Have you ever been in a fight with someone and realized that it had no purpose? Or heard a friend passing on some gossip about others? Perhaps you’ve competed with someone, stopped talking over an argument, or taken offense to a comment. Maybe you told others about it, wrote a passive-aggressive post on your favorite social network, and deleted the contact in your phone. Shows them right.

Sensitivity to criticism, rash decisions, exaggerated displays of emotion, inappropriately seductive behavior, rapidly-shifting emotional states, and approval-seeking — all behavior that’s worthy of being the center of attention, to be sure. This is how people take (rather than earn) their fifteen minutes of fame in their own little worlds.

The trouble is, these traits are known to psychiatrists as histrionic personality disorder.

Why do we love drama so much?  Kurt Vonnegut once wrote (neatly summarized by Derek Silvers – a worthwhile read here) that we’re addicted to drama because our lives are essentially mundane.  Yet, we’re trained by stories from a young age that dramatic variations in emotional state are actually the norm.

So when we experience real life in all its banal stability, we feel like we’re missing something. We seek out drama as moths to light because it is often quite literally the only light in our lives. And many people create their own drama where there is none.

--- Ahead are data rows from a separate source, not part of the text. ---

lemma moments_eq_if_same_obs:
  assumes "valid_triple Q lo' hi'" "same_obs P Q"
  shows "(\<integral>\<omega>. tX \<omega> \<partial>Q) = expectation tX" "(\<integral>\<omega>. tY \<omega> \<partial>Q) = expectation tY"
    "var_X Q = var_X P"
proof -
  interpret Q: valid_law Q lo' hi' by (rule valid_law.intro) (fact assms(1))
  have "pN Q = pN P" "XN Q = XN P" "YN Q = YN P"
    using assms(2) by (auto simp: same_obs_def fun_eq_iff)
  then show "(\<integral>\<omega>. tX \<omega> \<partial>Q) = expectation tX" "(\<integral>\<omega>. tY \<omega> \<partial>Q) = expectation tY"
    "var_X Q = var_X P"
    by (simp_all add: Q.expectation_tX Q.expectation_tY expectation_tX expectation_tY
        Q.var_X_eq var_X_eq)
qed

lemma arm_means_realising:
  assumes "lo \<le> hi"
    and "\<And>n. 0 < pN P n \<Longrightarrow>
      c n \<in> {mob_lower lo hi (XN P n) (YN P n)..mob_upper lo hi (XN P n) (YN P n)}"
  obtains y1 y0 where
    "\<And>n. 0 < arm_prob P 1 n \<Longrightarrow> y1 n \<in> {lo..hi}" "\<And>n. 0 < arm_prob P 0 n \<Longrightarrow> y0 n \<in> {lo..hi}"
    "\<And>n. arm_prob P 1 n * y1 n = pN P n * c n"
    "\<And>n. arm_prob P 0 n * y0 n = pN P n * (YN P n - c n)"
proof -
  have "\<exists>v1 v0. 0 < pN P n \<longrightarrow> XN P n * v1 = c n \<and> (1 - XN P n) * v0 = YN P n - c n
      \<and> v1 \<in> {lo..hi} \<and> v0 \<in> {lo..hi}" for n
  proof (cases "0 < pN P n")
    case True
    then have "mob_lower lo hi (XN P n) (YN P n) \<le> c n" "c n \<le> mob_upper lo hi (XN P n) (YN P n)"
      using assms(2) by simp_all
    then obtain v1 v0 where "XN P n * v1 = c n" "(1 - XN P n) * v0 = YN P n - c n"
        "v1 \<in> {lo..hi}" "v0 \<in> {lo..hi}"
      by (rule split_mean_between_arms[OF assms(1)])
    then show ?thesis by blast
  qed simp
  then obtain y1 y0 where y: "\<And>n. 0 < pN P n \<Longrightarrow> XN P n * y1 n = c n \<and>
      (1 - XN P n) * y0 n = YN P n - c n \<and> y1 n \<in> {lo..hi} \<and> y0 n \<in> {lo..hi}"
    by metis
  have arm_probs: "arm_prob P 1 n = pN P n * XN P n" "arm_prob P 0 n = pN P n * (1 - XN P n)" for n
    using pN_mult_XN[of n] pN_eq_arm_prob_sum[of n] by (simp_all add: algebra_simps)
  show ?thesis
  proof
    show "y1 n \<in> {lo..hi}" if "0 < arm_prob P 1 n" for n
      using y[OF less_le_trans[OF that arm_prob_le_pN(1)]] by simp
    show "y0 n \<in> {lo..hi}" if "0 < arm_prob P 0 n" for n
      using y[OF less_le_trans[OF that arm_prob_le_pN(2)]] by simp
    have "pN P n = 0 \<or> 0 < pN P n" for n by (simp add: pN_def order_less_le)
    then show "arm_prob P 1 n * y1 n = pN P n * c n"
      "arm_prob P 0 n * y0 n = pN P n * (YN P n - c n)" for n
      using y[of n] by (auto simp: arm_probs mult.assoc)
  qed
qed

lemma mob_bounds_attained:
  assumes "lo \<le> hi" "0 < expectation tX" "expectation tX < 1"
    and "d \<in> {D_MOB_minus P lo hi..D_MOB_plus P lo hi}"
  shows "\<exists>Q. valid_triple Q lo hi \<and> same_obs P Q \<and> Dpar Q = d"
proof -
  define L where "L n = mob_lower lo hi (XN P n) (YN P n)" for n
  define U where "U n = mob_upper lo hi (XN P n) (YN P n)" for n
  define T where "T = d * var_X P + expectation tX * expectation tY"
  have var_pos: "0 < var_X P" using assms(2,3) by (simp add: var_X_eq)
  then have "(\<Sum>n\<in>UNIV. pN P n * L n) \<le> T" "T \<le> (\<Sum>n\<in>UNIV. pN P n * U n)"
    using assms(4) by (simp_all add: D_MOB_minus_eq D_MOB_plus_eq L_def U_def T_def
        pos_divide_le_eq pos_le_divide_eq)
  then obtain c where c: "\<And>n. L n \<le> U n \<Longrightarrow> c n \<in> {L n..U n}" "(\<Sum>n\<in>UNIV. pN P n * c n) = T"
    by (rule weighted_sum_interpolation) blast
  obtain y1 y0 where y:
    "\<And>n. 0 < arm_prob P 1 n \<Longrightarrow> y1 n \<in> {lo..hi}" "\<And>n. 0 < arm_prob P 0 n \<Longrightarrow> y0 n \<in> {lo..hi}"
    "\<And>n. arm_prob P 1 n * y1 n = pN P n * c n"
    "\<And>n. arm_prob P 0 n * y0 n = pN P n * (YN P n - c n)"
    using arm_means_realising[OF assms(1)] c(1) mob_lower_le_upper unfolding L_def U_def by blast
  let ?Q = "distr P triple_space (reassign_Y y1 y0)"
  have valid_Q: "valid_triple ?Q lo hi" using y(1,2) by (rule valid_reassigned)
  have same_Q: "same_obs P ?Q"
    by (rule same_obs_reassigned[OF valid_Q]) (simp add: y(3,4) right_diff_distrib)
  interpret Q: valid_law ?Q lo hi by (rule valid_law.intro) (fact valid_Q)
  have "Dpar ?Q = ((\<Sum>n\<in>UNIV. pN P n * c n) - expectation tX * expectation tY) / var_X P"
    using Q.Dpar_eq_cov assms(2,3) moments_eq_if_same_obs[OF valid_Q same_Q]
    by (simp add: arm_Y_reassigned y(3))
  then have "Dpar ?Q = d" using var_pos by (simp add: c(2) T_def)
  then show ?thesis using valid_Q same_Q by blast
qed

end

theorem proposition3:
  fixes P :: "(real \<times> real \<times> 'n::finite) measure" and lo hi :: real
  assumes "lo \<le> hi"
    and "valid_triple P lo hi"
    and "\<exists>n. pN P n > 0 \<and> XN P n \<in> {0<..<1}"
  shows "Dpar P \<in> {D_MOB_minus P lo hi .. D_MOB_plus P lo hi}
    \<and> (\<forall>d \<in> {D_MOB_minus P lo hi .. D_MOB_plus P lo hi}.
          \<exists>Q :: (real \<times> real \<times> 'n) measure.
             valid_triple Q lo hi \<and> same_obs P Q \<and> Dpar Q = d)"
proof -
  interpret valid_law P lo hi by (rule valid_law.intro) (fact assms(2))
  obtain n where "0 < pN P n" "XN P n \<in> {0<..<1}" using assms(3) by blast
  then have "0 < expectation tX" "expectation tX < 1"
    by (rule expectation_tX_strictly_between)+
  then show ?thesis
    using Dpar_within_mob_bounds mob_bounds_attained[OF assms(1)] by blast
qed

end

This is harmless and natural when people play plot line madlibs but fill their own behavior in the blanks. It’s a very different story when people emulate exaggerated behaviors as they act out their own life dramas.

Enter reality television.

It turns out, growing up with Cinderella is not the same as growing up with The Jersey Shore. Reality shows have two central propositions: everything is unscripted, and the actors are people just like you and me.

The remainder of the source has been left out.